*Task*.
Only one stretch of the listing below is wanted. Give it again exactly, from the line with "6 N. vertical_layer" through the line with "define f where".

*Data supplied*.
lemma card_tilings_containing_layer:
  assumes B: "B \<in> tilings a b m k" and "0 < a" "0 < b" "0 < m"
  shows "card {T \<in> tilings a b m N. B \<subseteq> T} = (if k \<le> N then num_tilings a b m (N - k) else 0)"
proof (cases "k \<le> N")
  case True
  then have "rect m N = rect m k \<union> shift k ` rect m (N - k)"
    by (simp add: rect_Un_shift_rect)
  moreover have "bij_betw ((\<union>) B) (tilings_of a b (shift k ` rect m (N - k)))
      {T \<in> tilings_of a b (rect m k \<union> shift k ` rect m (N - k)). B \<subseteq> T}"
    using B by (intro bij_betw_extend_tilings rect_Int_shift_rect assms) (simp add: tilings_eq_tilings_of)
  ultimately have "card {T \<in> tilings a b m N. B \<subseteq> T} = card (tilings_of a b (shift k ` rect m (N - k)))"
    by (simp add: tilings_eq_tilings_of bij_betw_same_card)
  also have "\<dots> = num_tilings a b m (N - k)"
    using bij_betw_same_card[OF bij_betw_shift_tilings[OF \<open>0 < a\<close> \<open>0 < b\<close>]]
    by (simp add: num_tilings_def tilings_eq_tilings_of)
  finally show ?thesis
    using True by simp
next
  case False
  have "(0, N) \<in> rect m k - rect m N"
    using False \<open>0 < m\<close> by (simp add: rect_def)
  then have no_tiling: "{T \<in> tilings a b m N. B \<subseteq> T} = {}"
    using B unfolding tilings_def by blast
  show ?thesis
    unfolding no_tiling using False by simp
qed

lemma num_tilings_zero: "0 < a \<Longrightarrow> 0 < b \<Longrightarrow> num_tilings a b m 0 = 1"
  by (simp add: num_tilings_def tilings_eq_tilings_of rect_def tilings_of_empty)

lemma bottom_tile:
  assumes T: "T \<in> tilings a b m N" and "0 < N" "c < m"
  obtains x w h where "{x..<x+w} \<times> {0..<h} \<in> T" "x \<le> c" "c < x + w" "x + w \<le> m"
    "w = a \<and> h = b \<or> w = b \<and> h = a"
proof -
  have "(c, 0) \<in> \<Union>T"
    using T \<open>0 < N\<close> \<open>c < m\<close> by (simp add: tilings_def rect_def)
  then obtain R where R: "R \<in> T" "(c, 0) \<in> R" by blast
  have "R \<in> tile_placements a b"
    using R(1) T by (auto simp: tilings_def)
  then obtain x y w h where R_eq: "R = {x..<x+w} \<times> {y..<y+h}" and wh: "w = a \<and> h = b \<or> w = b \<and> h = a"
    by (rule tile_placementsE)
  have x: "x \<le> c" "c < x + w" and y: "y = 0"
    using R(2) R_eq by auto
  then have "(x + w - 1, y) \<in> R"
    using R(2) R_eq by auto
  then have "(x + w - 1, y) \<in> rect m N"
    using R(1) T by (auto simp: tilings_def)
  then have "x + w \<le> m"
    using x by (auto simp: rect_def)
  with R(1) R_eq x y wh show thesis
    using that by simp
qed

lemma bottom_tiles_eq_or_apart:
  fixes T :: "(nat \<times> nat) set set"
  assumes T: "pairwise disjnt T" and R: "{x..<x+w} \<times> {0..<h} \<in> T" and R': "{x'..<x'+w'} \<times> {0..<h'} \<in> T"
    and "0 < w" "0 < h" "0 < w'" "0 < h'"
  shows "(x, w, h) = (x', w', h') \<or> x + w \<le> x' \<or> x' + w' \<le> x"
proof (rule disjCI)
  assume overlap: "\<not> (x + w \<le> x' \<or> x' + w' \<le> x)"
  then have "(max x x', 0) \<in> ({x..<x+w} \<times> {0..<h}) \<inter> ({x'..<x'+w'} \<times> {0..<h'})"
    using assms(4-) by (auto simp: max_def)
  then have "\<not> disjnt ({x..<x+w} \<times> {0..<h}) ({x'..<x'+w'} \<times> {0..<h'})"
    unfolding disjnt_def by blast
  then have "{x..<x+w} \<times> {0..<h} = {x'..<x'+w'} \<times> {0..<h'}"
    using pairwiseD[OF T R R'] by blast
  then show "(x, w, h) = (x', w', h')"
    using assms(4-) by (simp add: times_eq_iff atLeastLessThan_eq_iff)
qed

definition horizontal_layer :: "(nat \<times> nat) set set" where
  "horizontal_layer = {{0..<3} \<times> {0..<2}, {3..<6} \<times> {0..<2}}"

definition vertical_layer :: "(nat \<times> nat) set set" where
  "vertical_layer = {{0..<2} \<times> {0..<3}, {2..<4} \<times> {0..<3}, {4..<6} \<times> {0..<3}}"

lemma horizontal_layer_tiling: "horizontal_layer \<in> tilings 2 3 6 2"
  by (auto simp: tilings_def horizontal_layer_def rect_def disjnt_def pairwise_insert
      intro!: atLeastLessThan_times_in_tile_placements)

lemma vertical_layer_tiling: "vertical_layer \<in> tilings 2 3 6 3"
  by (auto simp: tilings_def vertical_layer_def rect_def disjnt_def pairwise_insert
      intro!: atLeastLessThan_times_in_tile_placements)

text \<open>Keep tile corners such as \<open>x + 2\<close> in numeral form, so that they match the layers above.\<close>
declare add_2_eq_Suc' [simp del]

lemma horizontal_layer_subset:
  assumes T: "T \<in> tilings 2 3 6 N" and "0 < N" and corner: "{0..<3} \<times> {0..<2} \<in> T"
  shows "horizontal_layer \<subseteq> T"
proof -
  have disj: "pairwise disjnt T"
    using T by (simp add: tilings_def)
  have R0: "{0..<0+3} \<times> {0..<2} \<in> T"
    using corner by simp
  obtain x3 w3 h3 where R3: "{x3..<x3+w3} \<times> {0..<h3} \<in> T" "x3 \<le> 3" "3 < x3 + w3" "x3 + w3 \<le> 6"
      "w3 = 2 \<and> h3 = 3 \<or> w3 = 3 \<and> h3 = 2"
    using bottom_tile[OF T \<open>0 < N\<close>, of 3] by auto
  obtain x5 w5 h5 where R5: "{x5..<x5+w5} \<times> {0..<h5} \<in> T" "x5 \<le> 5" "5 < x5 + w5" "x5 + w5 \<le> 6"
      "w5 = 2 \<and> h5 = 3 \<or> w5 = 3 \<and> h5 = 2"
    using bottom_tile[OF T \<open>0 < N\<close>, of 5] by auto
  have "x3 = 3"
    using bottom_tiles_eq_or_apart[OF disj R0 R3(1)] R3 by auto
  moreover have "w3 = 3" "h3 = 2"
    using bottom_tiles_eq_or_apart[OF disj R3(1) R5(1)] R3 R5 \<open>x3 = 3\<close> by auto
  ultimately show ?thesis
    using corner R3(1) by (simp add: horizontal_layer_def)
qed

lemma vertical_layer_subset:
  assumes T: "T \<in> tilings 2 3 6 N" and "0 < N" and corner: "{0..<2} \<times> {0..<3} \<in> T"
  shows "vertical_layer \<subseteq> T"
proof -
  have disj: "pairwise disjnt T"
    using T by (simp add: tilings_def)
  have R0: "{0..<0+2} \<times> {0..<3} \<in> T"
    using corner by (simp only: add_0)
  obtain x2 w2 h2 where R2: "{x2..<x2+w2} \<times> {0..<h2} \<in> T" "x2 \<le> 2" "2 < x2 + w2" "x2 + w2 \<le> 6"
      "w2 = 2 \<and> h2 = 3 \<or> w2 = 3 \<and> h2 = 2"
    using bottom_tile[OF T \<open>0 < N\<close>, of 2] by auto
  obtain x4 w4 h4 where R4: "{x4..<x4+w4} \<times> {0..<h4} \<in> T" "x4 \<le> 4" "4 < x4 + w4" "x4 + w4 \<le> 6"
      "w4 = 2 \<and> h4 = 3 \<or> w4 = 3 \<and> h4 = 2"
    using bottom_tile[OF T \<open>0 < N\<close>, of 4] by auto
  obtain x5 w5 h5 where R5: "{x5..<x5+w5} \<times> {0..<h5} \<in> T" "x5 \<le> 5" "5 < x5 + w5" "x5 + w5 \<le> 6"
      "w5 = 2 \<and> h5 = 3 \<or> w5 = 3 \<and> h5 = 2"
    using bottom_tile[OF T \<open>0 < N\<close>, of 5] by auto
  have "x2 = 2"
    using bottom_tiles_eq_or_apart[OF disj R0 R2(1)] R2 by auto
  moreover have "w2 = 2" "h2 = 3"
    using bottom_tiles_eq_or_apart[OF disj R2(1) R5(1)] R2 R5 \<open>x2 = 2\<close> by auto
  moreover have "x4 = 4" "w4 = 2" "h4 = 3"
    using bottom_tiles_eq_or_apart[OF disj R2(1) R4(1)] R2 R4 \<open>x2 = 2\<close> \<open>w2 = 2\<close> by auto
  ultimately show ?thesis
    using corner R2(1) R4(1) by (simp add: vertical_layer_def)
qed

lemma tiling_starts_with_layer:
  assumes T: "T \<in> tilings 2 3 6 N" and "0 < N"
  shows "horizontal_layer \<subseteq> T \<or> vertical_layer \<subseteq> T"
proof -
  obtain x w h where R: "{x..<x+w} \<times> {0..<h} \<in> T" "x \<le> 0" "0 < x + w" "x + w \<le> 6"
      "w = 2 \<and> h = 3 \<or> w = 3 \<and> h = 2"
    using bottom_tile[OF T \<open>0 < N\<close>, of 0] by auto
  then have "{0..<3} \<times> {0..<2} \<in> T \<or> {0..<2} \<times> {0..<3} \<in> T"
    by auto
  then show ?thesis
    using horizontal_layer_subset[OF T \<open>0 < N\<close>] vertical_layer_subset[OF T \<open>0 < N\<close>] by blast
qed

lemma horizontal_vertical_layer_exclusive:
  "pairwise disjnt T \<Longrightarrow> \<not> (horizontal_layer \<subseteq> T \<and> vertical_layer \<subseteq> T)"
  using bottom_tiles_eq_or_apart[of T 0 3 2 0 2 3]
  by (auto simp: horizontal_layer_def vertical_layer_def)

lemma num_tilings_6_recurrence:
  assumes "0 < N"
  shows "num_tilings 2 3 6 N =
    (if 2 \<le> N then num_tilings 2 3 6 (N - 2) else 0) + (if 3 \<le> N then num_tilings 2 3 6 (N - 3) else 0)"
proof -
  let ?H = "{T \<in> tilings 2 3 6 N. horizontal_layer \<subseteq> T}"
  let ?V = "{T \<in> tilings 2 3 6 N. vertical_layer \<subseteq> T}"
  have "finite (tilings 2 3 6 N)"
    by (simp add: tilings_eq_tilings_of finite_tilings_of rect_def)
  moreover have "?H \<inter> ?V = {}"
    using horizontal_vertical_layer_exclusive by (auto simp: tilings_def)
  moreover have "tilings 2 3 6 N = ?H \<union> ?V"
    using tiling_starts_with_layer[OF _ assms] by blast
  ultimately have "num_tilings 2 3 6 N = card ?H + card ?V"
    unfolding num_tilings_def by (metis (no_types, lifting) card_Un_disjoint finite_Un)
  then show ?thesis
    by (simp add: card_tilings_containing_layer[OF horizontal_layer_tiling]
        card_tilings_containing_layer[OF vertical_layer_tiling])
qed

theorem mainTheorem9:
  shows "Abs_fps (\<lambda>N. of_nat (num_tilings 2 3 6 N)) =
           inverse (1 - fps_X ^ 2 - fps_X ^ 3 :: rat fps)"
proof -
  define f where "f = Abs_fps (\<lambda>N. of_nat (num_tilings 2 3 6 N) :: rat)"
  have "(1 - fps_X ^ 2 - fps_X ^ 3) * f = 1"
  proof (rule fps_ext)
    fix n
    have "((1 - fps_X ^ 2 - fps_X ^ 3) * f) $ n = f $ n - (fps_X ^ 2 * f) $ n - (fps_X ^ 3 * f) $ n"
      by (simp add: algebra_simps)
    also have "\<dots> = 1 $ n"
    proof (cases "n = 0")
      case True
      then show ?thesis
        by (simp add: fps_X_power_mult_nth f_def num_tilings_zero)
    next
      case False
      then show ?thesis
        using num_tilings_6_recurrence[of n] by (simp add: fps_X_power_mult_nth f_def not_less)
    qed
    finally show "((1 - fps_X ^ 2 - fps_X ^ 3) * f) $ n = 1 $ n" .
  qed
  then have "inverse (1 - fps_X ^ 2 - fps_X ^ 3) = f"
    by (rule fps_inverse_unique)
  then show ?thesis
    unfolding f_def by simp
qed

end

*Result of the exercise*.
  let ?V = "{T \<in> tilings 2 3 6 N. vertical_layer \<subseteq> T}"
  have "finite (tilings 2 3 6 N)"
    by (simp add: tilings_eq_tilings_of finite_tilings_of rect_def)
  moreover have "?H \<inter> ?V = {}"
    using horizontal_vertical_layer_exclusive by (auto simp: tilings_def)
  moreover have "tilings 2 3 6 N = ?H \<union> ?V"
    using tiling_starts_with_layer[OF _ assms] by blast
  ultimately have "num_tilings 2 3 6 N = card ?H + card ?V"
    unfolding num_tilings_def by (metis (no_types, lifting) card_Un_disjoint finite_Un)
  then show ?thesis
    by (simp add: card_tilings_containing_layer[OF horizontal_layer_tiling]
        card_tilings_containing_layer[OF vertical_layer_tiling])
qed

theorem mainTheorem9:
  shows "Abs_fps (\<lambda>N. of_nat (num_tilings 2 3 6 N)) =
           inverse (1 - fps_X ^ 2 - fps_X ^ 3 :: rat fps)"
proof -
  define f where "f = Abs_fps (\<lambda>N. of_nat (num_tilings 2 3 6 N) :: rat)"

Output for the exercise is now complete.